22 fevereiro 2007

CONTAMINANTES


The answer to stagnating R&D can be found in the creativity of the movie industry.
The number of new drugs that the US Food & Drug Administration has approved has fallen by half since 1996, with only 20 approved in 2005. That was the second lowest number of approvals in the history of the agency. Failures in the last stage of clinical development, Phase III, are particularly excruciating. Phase III trials consume 70% of clinical development costs, yet 40% of compounds now fall at this final hurdle compared to only 20% failing 10 years ago. Half of the failures come from inability to demonstrate superiority to a placebo, 30% are due to safety concerns, and 20% occur because no advantage relative to available therapies can be shown. These failures have a high profile and tend to perturb perceptions about the companies concerned, especially among investors. [...]

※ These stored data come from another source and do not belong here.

lemma symmetric_cross_x_representative:
  assumes hom: "\<And>i. hom_field n (\<lambda>x. W x $ i)" and tracefree: "\<And>x. trace (cross_x W x) = 0"
  shows "\<exists>\<tau>. (\<forall>i. hom_field n (\<lambda>x. \<tau> x $ i)) \<and> (\<forall>x. transpose (\<tau> x) = \<tau> x)
           \<and> cross_x \<tau> = cross_x W"
proof (intro exI conjI allI)
  define k where "k x = axial (W x)" for x
  have hk: "hom_field n k" unfolding k_def by (rule hom_field_axial[OF hom])
  have "k x \<bullet> x = 0" for x
    using tracefree[of x] by (simp add: k_def cross_x_def trace_cross_rows)
  then have ak: "cross3 (inverse (real (Suc n)) *\<^sub>R curl k x) x = k x" for x
    by (simp add: cross_mult_left cross_curl[OF hk])
  \<comment> \<open>The rows of \<open>a x\<^sup>T\<close> are parallel to \<open>x\<close>; \<open>a \<times> x = k\<close> makes its skew part cancel that of \<open>W\<close>.\<close>
  define \<tau> where "\<tau> x = W x + (\<chi> i j. (inverse (real (Suc n)) *\<^sub>R curl k x) $ i * x $ j)" for x
  show "hom_field n (\<lambda>x. \<tau> x $ i)" for i
    using hom[of i] hom_poly_curl_mult_coord[OF hk]
    by (simp add: \<tau>_def hom_field_def mult.assoc hom_poly.add hom_poly.cmult)
  show "transpose (\<tau> x) = \<tau> x" for x
    unfolding \<tau>_def by (rule symmetric_add_outer) (use ak[of x] in \<open>simp only: k_def\<close>)
  show "cross_x \<tau> = cross_x W"
    unfolding fun_eq_iff cross_x_def \<tau>_def by (intro allI cross_rows_add_outer)
qed

lemma tracefree_hom_decomposition:
  assumes hom: "\<And>i. hom_field m (\<lambda>x. \<sigma> x $ i)" and tracefree: "\<And>x. trace (\<sigma> x) = 0"
  shows "\<exists>\<tau> u. (\<forall>i. hom_field (m - 1) (\<lambda>x. \<tau> x $ i)) \<and> (\<forall>x. transpose (\<tau> x) = \<tau> x)
           \<and> hom_field (Suc m) u \<and> (\<forall>x. \<sigma> x = cross_x \<tau> x + dev (grad u x))"
proof -
  obtain u where hu: "hom_field (Suc m) u" and radial: "\<And>x. dev (grad u x) *v x = \<sigma> x *v x"
    using dev_grad_matching_radial[OF hom tracefree] by blast
  define \<rho> where "\<rho> x = \<sigma> x - dev (grad u x)" for x
  have "hom_field m (\<lambda>x. \<rho> x $ i)" for i
    using hom_field_diff[OF hom hom_field_dev_grad[OF hu, simplified]] by (simp add: \<rho>_def)
  moreover have "\<rho> x *v x = 0" for x
    by (simp add: \<rho>_def radial matrix_vector_mult_diff_rdistrib)
  ultimately obtain W where hW: "\<And>i. hom_field (m - 1) (\<lambda>x. W x $ i)"
    and \<rho>W: "\<And>x. \<rho> x = cross_x W x"
    using radially_null_eq_cross_x by metis
  have "trace (cross_x W x) = 0" for x
    by (simp flip: \<rho>W add: \<rho>_def trace_sub trace_dev tracefree)
  then obtain \<tau> where "\<And>i. hom_field (m - 1) (\<lambda>x. \<tau> x $ i)" "\<And>x. transpose (\<tau> x) = \<tau> x"
    and "cross_x \<tau> = cross_x W"
    using symmetric_cross_x_representative[OF hW] by metis
  moreover have "\<sigma> x = cross_x W x + dev (grad u x)" for x
    using \<rho>W[of x] by (simp add: \<rho>_def diff_eq_eq)
  ultimately show ?thesis using hu by metis
qed

lemma dev_grad_eq_0_of_radial:
  assumes hq: "hom_field m q" and radial: "\<And>x. dev (grad q x) *v x = 0"
  shows "dev (grad q x) = 0"
proof (cases "m = 0")
  case True
  then have "grad q x = 0"
    using hq by (simp add: vec_eq_iff grad_hom_field hom_field_def partial_hom_poly_0)
  then show ?thesis by (simp add: dev_def trace_def)
next
  case False
  define s where "s x = trace (grad q x) / (3 * real m)" for x
  have hs: "hom_poly (m - 1) s"
    unfolding s_def by (rule hom_poly_divide[OF hom_poly_trace_grad[OF hq]])
  have q: "q = (\<lambda>x. s x *\<^sub>R x)"
  proof
    fix x
    have "real m *\<^sub>R q x = (trace (grad q x) / 3) *\<^sub>R x"
      using radial[of x] by (simp add: dev_mult_vec grad_euler[OF hq])
    then show "q x = s x *\<^sub>R x" using False by (simp add: s_def vec_eq_iff field_simps)
  qed
  have "trace (grad q x) = (3 + real (m - 1)) * s x" for x
    unfolding q by (rule trace_grad_radial[OF hs])
  moreover have "trace (grad q x) = 3 * real m * s x" for x
    using False by (simp add: s_def)
  ultimately have "(3 + real (m - 1)) * s x = 3 * real m * s x" for x
    by metis
  then have "m = 1 \<or> s = (\<lambda>x. 0)"
    using False by (auto simp: fun_eq_iff of_nat_diff algebra_simps)
  then have "partial j s x = 0" for j
    using hs partial_hom_poly_0 by fastforce
  then have "grad q x = s x *\<^sub>R mat 1"
    by (simp add: q vec_eq_iff grad_radial_nth[OF hs] mat_def)
  then show ?thesis by (simp add: dev_def trace_def mat_def sum_3)
qed

lemma mpoly3_cross_x_plus_dev_grad:
  assumes "mpoly3 k \<tau>" "vpoly3 (k + 2) u"
  shows "mpoly3 (k + 1) (\<lambda>x. cross_x \<tau> x + dev (grad u x))"
proof -
  obtain T where hT: "\<And>m i. hom_field m (\<lambda>x. T m x $ i)"
    and \<tau>: "\<And>x. \<tau> x = (\<Sum>m\<le>k. T m x)"
    using mpoly3_hom_decomposition[OF assms(1)] by blast
  obtain U where hU: "\<And>m. hom_field m (U m)" and u: "\<And>x. u x = (\<Sum>m\<le>k + 2. U m x)"
    using assms(2) unfolding vpoly3_iff_sum_hom_field by blast
  have "cross_x \<tau> x + dev (grad u x)
      = (\<Sum>m\<le>k. cross_x (T m) x) + (\<Sum>m\<le>k + 2. dev (grad (U m) x))" for x
    unfolding \<tau>[abs_def] u[abs_def] cross_x_sum dev_sum
    by (simp add: grad_sum[where d = "\<lambda>m. m"] hU dev_sum del: sum.atMost_Suc)
  moreover have "vpoly3 (k + 1)
      (\<lambda>x. (\<Sum>m\<le>k. cross_x (T m) x) $ i + (\<Sum>m\<le>k + 2. dev (grad (U m) x)) $ i)" for i
    unfolding sum_component
  proof (rule vpoly3_add)
    show "vpoly3 (k + 1) (\<lambda>x. \<Sum>m\<le>k. cross_x (T m) x $ i)"
      by (rule vpoly3_sum_hom_field[where d = Suc])
        (simp_all add: cross_x_def hom_field_cross3 hT)
    show "vpoly3 (k + 1) (\<lambda>x. \<Sum>m\<le>k + 2. dev (grad (U m) x) $ i)"
      using hom_field_dev_grad[OF hU] by (intro vpoly3_sum_hom_field[where d = "\<lambda>m. m - 1"]) auto
  qed
  ultimately show ?thesis
    unfolding mpoly3_iff_vpoly3_rows by simp
qed

lemma dev_mpoly3_decomposition:
  assumes "mpoly3 (k + 1) p"
  shows "\<exists>\<tau> u. mpoly3 k \<tau> \<and> (\<forall>x. transpose (\<tau> x) = \<tau> x) \<and> vpoly3 (k + 2) u
           \<and> (\<forall>x. dev (p x) = cross_x \<tau> x + dev (grad u x))"
proof -
  obtain P where hP: "\<And>m i. hom_field m (\<lambda>x. P m x $ i)"
    and p: "\<And>x. p x = (\<Sum>m\<le>k + 1. P m x)"
    using mpoly3_hom_decomposition[OF assms] by blast
  have "\<forall>m. \<exists>\<tau> u. (\<forall>i. hom_field (m - 1) (\<lambda>x. \<tau> x $ i)) \<and> (\<forall>x. transpose (\<tau> x) = \<tau> x)
      \<and> hom_field (Suc m) u \<and> (\<forall>x. dev (P m x) = cross_x \<tau> x + dev (grad u x))"
    by (intro allI tracefree_hom_decomposition hom_field_dev_rows hP trace_dev)
  then obtain T U where hT: "\<And>m i. hom_field (m - 1) (\<lambda>x. T m x $ i)"
    and sym: "\<And>m x. transpose (T m x) = T m x" and hU: "\<And>m. hom_field (Suc m) (U m)"
    and TU: "\<And>m x. dev (P m x) = cross_x (T m) x + dev (grad (U m) x)"
    by metis
  define \<tau> where "\<tau> x = (\<Sum>m\<le>k + 1. T m x)" for x
  define u where "u x = (\<Sum>m\<le>k + 1. U m x)" for x
  have "mpoly3 k \<tau>"
    unfolding mpoly3_iff_vpoly3_rows \<tau>_def sum_component
    using hT by (intro allI vpoly3_sum_hom_field[where d = "\<lambda>m. m - 1"]) auto
  moreover have "transpose (\<tau> x) = \<tau> x" for x
    by (simp add: \<tau>_def transpose_sum sym del: sum.atMost_Suc)
  moreover have "vpoly3 (k + 2) u"
    unfolding u_def using hU by (intro vpoly3_sum_hom_field[where d = Suc]) auto
  moreover have "dev (p x) = cross_x \<tau> x + dev (grad u x)" for x
    unfolding p dev_sum TU \<tau>_def[abs_def] u_def[abs_def] cross_x_sum
    by (simp add: sum.distrib grad_sum[where d = Suc] hU dev_sum del: sum.atMost_Suc)
  ultimately show ?thesis by blast
qed

lemma dev_grad_eq_0_of_radial_near_0:
  assumes "vpoly3 n q" "r > 0" and radial: "\<And>x. norm x < r \<Longrightarrow> dev (grad q x) *v x = 0"
  shows "dev (grad q x) = 0"
proof -
  obtain Q where hQ: "\<And>m. hom_field m (Q m)" and q: "\<And>x. q x = (\<Sum>m\<le>n. Q m x)"
    using assms(1) unfolding vpoly3_iff_sum_hom_field by blast
  have dev_grad_q: "dev (grad q x) = (\<Sum>m\<le>n. dev (grad (Q m) x))" for x
    unfolding q[abs_def] by (simp add: grad_sum[where d = "\<lambda>m. m"] hQ dev_sum)
  have "dev (grad (Q m) y) *v y = 0" if "m \<le> n" for m y
  proof -
    have "(dev (grad (Q m) y) *v y) $ i = 0" for i
    proof (rule hom_poly_components_eq_0[where w = "\<lambda>m y. (dev (grad (Q m) y) *v y) $ i"])
      show "hom_poly m (\<lambda>y. (dev (grad (Q m) y) *v y) $ i)" for m
        using hom_field_dev_grad_mult_vec[OF hQ] by (simp add: hom_field_def)
      show "(\<Sum>m\<le>n. (dev (grad (Q m) y) *v y) $ i) = 0" if "norm y < r" for y
        using radial[OF that] by (simp add: dev_grad_q sum_matrix_vector_mult flip: sum_component)
    qed (use assms(2) that in auto)
    then show ?thesis by (simp add: vec_eq_iff)
  qed
  then show ?thesis
    by (simp add: dev_grad_q dev_grad_eq_0_of_radial[OF hQ])
qed

lemma cross_x_on_dom: "cross_x (on_dom \<Omega> \<tau>) = on_dom \<Omega> (cross_x \<tau>)"
  by (simp add: fun_eq_iff cross_x_def on_dom_def vec_eq_iff)

lemma dev_grad_on_on_dom:
  assumes "open \<Omega>" "vpoly3 n u"
  shows "dev_grad_on \<Omega> (on_dom \<Omega> u) = on_dom \<Omega> (\<lambda>x. dev (grad u x))"
proof -
  have "u differentiable (at x)" for x
    using assms(2)
    by (auto simp: vpoly3_def intro: differentiable_vec_componentwise poly3_differentiable)
  then show ?thesis
    using grad_on_dom[OF assms(1)] by (simp add: fun_eq_iff dev_grad_on_def on_dom_def)
qed

lemma on_dom_add:
  fixes f g :: "real^3 \<Rightarrow> 'a::monoid_add"
  shows "(\<lambda>x. on_dom \<Omega> f x + on_dom \<Omega> g x) = on_dom \<Omega> (\<lambda>x. f x + g x)"
  by (simp add: fun_eq_iff on_dom_def)

lemma cross_x_plus_dev_grad_in_PM:
  assumes "open \<Omega>" and "a \<in> cross_x ` PM \<Omega> k symm_mats"
    and "b \<in> dev_grad_on \<Omega> ` PV \<Omega> (k + 2)"
  shows "(\<lambda>x. a x + b x) \<in> PM \<Omega> (k + 1) tracefree_mats"
proof -
  obtain \<tau> where a: "a = on_dom \<Omega> (cross_x \<tau>)" and "mpoly3 k \<tau>"
    and sym: "\<And>x. x \<in> \<Omega> \<Longrightarrow> transpose (\<tau> x) = \<tau> x"
    using assms(2) by (auto simp: PM_def symm_mats_def cross_x_on_dom)
  obtain u where b: "b = on_dom \<Omega> (\<lambda>x. dev (grad u x))" and "vpoly3 (k + 2) u"
    using assms(3) by (auto simp: PV_def dev_grad_on_on_dom[OF assms(1)])
  have "mpoly3 (k + 1) (\<lambda>x. cross_x \<tau> x + dev (grad u x))"
    by (rule mpoly3_cross_x_plus_dev_grad) fact+
  moreover have "trace (cross_x \<tau> x + dev (grad u x)) = 0" if "x \<in> \<Omega>" for x
    by (simp add: trace_add trace_dev cross_x_def trace_cross_x_symmetric sym[OF that])
  ultimately show ?thesis
    unfolding a b on_dom_add PM_def tracefree_mats_def by blast
qed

There is a precedent for pharma emulating Hollywood: Pharma's main preoccupation, the creation of blockbusters, was directly copied from Hollywood. The blockbuster model is really defined by broad and aggressive marketing, though the term is less accurately, if more commonly, used to define revenue thresholds. Hollywood's blockbuster model was created in 1951, when the term was first applied to the movie Quo Vadis because of its then-huge budget of $7 million and the unprecedented zeal of its promotion.
Glaxo created the first pharma blockbuster in the 1980's with the ulcer medication, Zantac. The drug was a modestly effective but very safe compound that ultimately attained sales of more than $2 billion a year as a result of extremely aggressive marketing.